Through Metro Corrections, more than 660 offenders are currently participating in Louisville's Home Incarceration Program (HIP), which allows low-risk individuals accused of a crime to be released to a home while their case plays out in the criminal justice system.
HIP participants wear ankle monitors so their whereabouts can be tracked by HIP officers. Metro Corrections data says 2,133 inmates have been moved to HIP this year.
Less than three weeks after he was placed on HIP for a parole violation, Justin Curry faced a judge Monday morning to answer murder charges.
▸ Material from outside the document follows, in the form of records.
lemma not_lyapunov_stable_if_policy_grows:
  assumes "well_posed S A phi U m Rd F rho" "\<mu>s \<in> popX S U m" "v \<in> U c"
    and "policy_grows_near \<mu>s c v"
  shows "\<not> lyapunov_stable S A phi U m Rd F rho \<mu>s"
proof
  assume stable: "lyapunov_stable S A phi U m Rd F rho \<mu>s"
  obtain r k where "0 < r" "0 < k"
    and growth: "\<forall>\<mu>\<in>popX S U m. dist \<mu> \<mu>s < r \<longrightarrow> k * polmass S \<mu> c v \<le> flow c \<mu> v"
    using assms(4) unfolding policy_grows_near_def by blast
  obtain \<delta> where "0 < \<delta>" and stay: "\<And>x t. is_solution S A phi U m Rd F rho x \<Longrightarrow> dist (x 0) \<mu>s < \<delta>
      \<Longrightarrow> 0 \<le> t \<Longrightarrow> dist (x t) \<mu>s < r"
    using stable \<open>0 < r\<close> unfolding lyapunov_stable_def by meson
  obtain \<mu>0 where "\<mu>0 \<in> popX S U m" "dist \<mu>0 \<mu>s < \<delta>" "0 < polmass S \<mu>0 c v"
    using exists_nearby_state_using_policy[OF assms(2,3) \<open>0 < \<delta>\<close>] .
  moreover obtain x where sol: "is_solution S A phi U m Rd F rho x" and "x 0 = \<mu>0"
    using assms(1) \<open>\<mu>0 \<in> popX S U m\<close> unfolding well_posed_def by blast
  ultimately obtain t where "0 \<le> t" "r \<le> dist (x t) \<mu>s"
    using growth_forces_escape[OF sol order.refl assms(3) \<open>0 < k\<close> growth] by auto
  then show False
    using stay[OF sol] \<open>x 0 = \<mu>0\<close> \<open>dist \<mu>0 \<mu>s < \<delta>\<close> by force
qed

lemma imitative_not_tendsto_if_policy_grows:
  assumes C1: "C1_near_X S U m F" and \<phi>: "comparison_function \<phi> L"
    and imitation: "imitation_by_comparison (U c) (m c) \<phi> (rho c)"
    and "v \<in> U c" "policy_grows_near \<mu>s c v"
    and sol: "is_solution S A phi U m Rd F rho x" and pos: "0 < polmass S (x 0) c v"
  shows "\<not> (x \<longlongrightarrow> \<mu>s) at_top"
proof
  assume "(x \<longlongrightarrow> \<mu>s) at_top"
  obtain r k where "0 < r" "0 < k"
    and growth: "\<forall>\<mu>\<in>popX S U m. dist \<mu> \<mu>s < r \<longrightarrow> k * polmass S \<mu> c v \<le> flow c \<mu> v"
    using assms(5) unfolding policy_grows_near_def by blast
  obtain N where near: "\<And>t. N \<le> t \<Longrightarrow> dist (x t) \<mu>s < r"
    using tendstoD[OF \<open>(x \<longlongrightarrow> \<mu>s) at_top\<close> \<open>0 < r\<close>] unfolding eventually_at_top_linorder by blast
  define T where "T = max N 0"
  have "0 < polmass S (x T) c v"
    using imitative_polmass_stays_positive[OF C1 \<phi> imitation sol \<open>v \<in> U c\<close> pos] by (simp add: T_def)
  moreover have "0 \<le> T"
    by (simp add: T_def)
  ultimately obtain t where "T \<le> t" "r \<le> dist (x t) \<mu>s"
    using growth_forces_escape[OF sol _ \<open>v \<in> U c\<close> \<open>0 < k\<close> growth] by blast
  then show False
    using near[of t] by (simp add: T_def)
qed

lemma non_equilibrium_rest_point_growing_policy:
  assumes C1: "C1_near_X S U m F"
    and protocols: "\<forall>c. imitative_via_comparison (U c) (m c) (rho c)
      \<or> excess_payoff (U c) (m c) (rho c) \<or> pairwise_comparison (U c) (m c) (rho c)"
    and rest: "rest_point S A phi U m Rd F rho \<mu>s" and "\<mu>s \<notin> MSNE S A phi U m Rd F"
  obtains c v \<phi> L where "comparison_function \<phi> L" "imitation_by_comparison (U c) (m c) \<phi> (rho c)"
    "v \<in> U c" "policy_grows_near \<mu>s c v"
proof -
  have \<mu>s: "\<mu>s \<in> popX S U m"
    using rest unfolding rest_point_def by simp
  have "\<mu>s \<in> MSNE S A phi U m Rd F" if "\<forall>c. best_reply_support (U c) (F c \<mu>s) (polmass S \<mu>s c)
      \<and> (\<forall>s\<in>S c. \<forall>u\<in>U c. fd S A phi Rd c s u \<mu>s = 0)"
    unfolding MSNE_def mem_Collect_eq using \<mu>s that unfolding best_reply_support_def by (rule conjI)
  then obtain c where not_equilibrium: "\<not> (best_reply_support (U c) (F c \<mu>s) (polmass S \<mu>s c)
      \<and> (\<forall>s\<in>S c. \<forall>u\<in>U c. fd S A phi Rd c s u \<mu>s = 0))"
    using \<open>\<mu>s \<notin> MSNE S A phi U m Rd F\<close> by blast
  have "\<not> no_switching (U c) (rates c \<mu>s) (polmass S \<mu>s c)
      \<or> \<not> best_reply_support (U c) (F c \<mu>s) (polmass S \<mu>s c)"
    using not_equilibrium rest_point_fd_eq_zero[OF rest] by blast
  then have "\<not> pairwise_comparison (U c) (m c) (rho c) \<and> \<not> excess_payoff (U c) (m c) (rho c)"
    using rest_point_pairwise_comparison[OF rest] rest_point_excess_payoff[OF rest] by blast
  then obtain \<phi> L where \<phi>: "comparison_function \<phi> L"
    and imitation: "imitation_by_comparison (U c) (m c) \<phi> (rho c)"
    using protocols imitative_via_comparisonE by blast
  have equal_payoffs: "\<forall>u\<in>U c. \<forall>w\<in>U c. 0 < polmass S \<mu>s c u \<longrightarrow> 0 < polmass S \<mu>s c w
      \<longrightarrow> F c \<mu>s u = F c \<mu>s w"
    and not_best: "\<not> best_reply_support (U c) (F c \<mu>s) (polmass S \<mu>s c)"
    using rest_point_imitative[OF rest \<phi> imitation] rest_point_fd_eq_zero[OF rest] not_equilibrium
    by blast+
  have "\<forall>u\<in>U c. 0 \<le> polmass S \<mu>s c u"
    using polmass_nonneg[OF \<mu>s] by blast
  then obtain v where "v \<in> U c" "\<forall>w\<in>U c. F c \<mu>s w \<le> F c \<mu>s v"
    "\<forall>w\<in>U c. F c \<mu>s w = F c \<mu>s v \<longrightarrow> polmass S \<mu>s c w = 0" "\<exists>w\<in>U c. F c \<mu>s w < F c \<mu>s v"
    using unused_strict_best_reply[OF finite _ equal_payoffs not_best] by blast
  then have "policy_grows_near \<mu>s c v"
    by (intro imitative_policy_grows_near[OF C1 \<mu>s \<phi> imitation])
  with \<open>v \<in> U c\<close> show ?thesis
    by (rule that[OF \<phi> imitation])
qed

end

theorem theorem1:
  fixes S :: "'c::finite \<Rightarrow> 's::finite set"
    and A :: "'c \<Rightarrow> 's \<Rightarrow> 'a::finite set"
    and phi :: "'c \<Rightarrow> 's \<Rightarrow> 'a \<Rightarrow> 's \<Rightarrow> real"
    and U :: "'c \<Rightarrow> ('s \<Rightarrow> 'a) set"
    and m Rd :: "'c \<Rightarrow> real"
    and F :: "'c \<Rightarrow> ('c, 's, 'a) pop \<Rightarrow> ('s \<Rightarrow> 'a) \<Rightarrow> real"
    and rho :: "'c \<Rightarrow> (('s \<Rightarrow> 'a) \<Rightarrow> real) \<Rightarrow> (('s \<Rightarrow> 'a) \<Rightarrow> real) \<Rightarrow> ('s \<Rightarrow> 'a) \<Rightarrow> ('s \<Rightarrow> 'a) \<Rightarrow> real"
    and \<mu>s :: "('c, 's, 'a) pop"
  assumes "standing S A phi U m Rd"
    and "C1_near_X S U m F"
    and "\<forall>c. imitative_via_comparison (U c) (m c) (rho c)
             \<or> excess_payoff (U c) (m c) (rho c)
             \<or> pairwise_comparison (U c) (m c) (rho c)"
    and "well_posed S A phi U m Rd F rho"
    and "rest_point S A phi U m Rd F rho \<mu>s"
    and "\<mu>s \<notin> MSNE S A phi U m Rd F"
  shows "\<not> lyapunov_stable S A phi U m Rd F rho \<mu>s
       \<and> (\<forall>x. is_solution S A phi U m Rd F rho x
              \<and> (\<forall>c. \<forall>s\<in>S c. \<forall>u\<in>U c. 0 < x 0 $ (c, s, u))
              \<longrightarrow> \<not> (x \<longlongrightarrow> \<mu>s) at_top)"
proof -
  interpret population_model S A phi U m Rd F rho
    using assms(1) by unfold_locales
  have \<mu>s: "\<mu>s \<in> popX S U m"
    using assms(5) unfolding rest_point_def by simp
  obtain c v \<phi> L where \<phi>: "comparison_function \<phi> L"
    and imitation: "imitation_by_comparison (U c) (m c) \<phi> (rho c)"
    and "v \<in> U c" and grows: "policy_grows_near \<mu>s c v"
    by (rule non_equilibrium_rest_point_growing_policy[OF assms(2,3,5,6)])
  have "\<not> (x \<longlongrightarrow> \<mu>s) at_top"
    if sol: "is_solution S A phi U m Rd F rho x" and "\<forall>c. \<forall>s\<in>S c. \<forall>u\<in>U c. 0 < x 0 $ (c, s, u)" for x
  proof (rule imitative_not_tendsto_if_policy_grows[OF assms(2) \<phi> imitation \<open>v \<in> U c\<close> grows sol])
    have "x 0 \<in> popX S U m"
      using sol unfolding is_solution_def by simp
    then show "0 < polmass S (x 0) c v"
      using interior_polmass_pos that(2) \<open>v \<in> U c\<close> by blast
  qed
  then show ?thesis
    using not_lyapunov_stable_if_policy_grows[OF assms(4) \<mu>s \<open>v \<in> U c\<close> grows] by blast
qed

end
Police believe the 29-year-old shot and killed a man Saturday night on Terril Lane in the Bashford Manor neighborhood.
Last week, a judge released 20-year-old Deandre Williams on home incarceration just hours after he admitted to shooting and killing 20-year-old Robert Leachman at the Parkway Place Apartments. The judge said the arrest report didn't have enough information about the crime.
These cases have sparked a conversation in the community about individuals accused of violent crimes being released on HIP.
Twenty-two people charged with murder are out on HIP in Jefferson County. Ninety-two people charged with assault are participating in the program. Several other people accused of violent crimes are also out on HIP: 24 people accused of robbery, one sex offender and seven people charged with sexual abuse.
The majority of HIP inmates are facing drug charges. Twenty-one people accused of DUI are on HIP in Jefferson County.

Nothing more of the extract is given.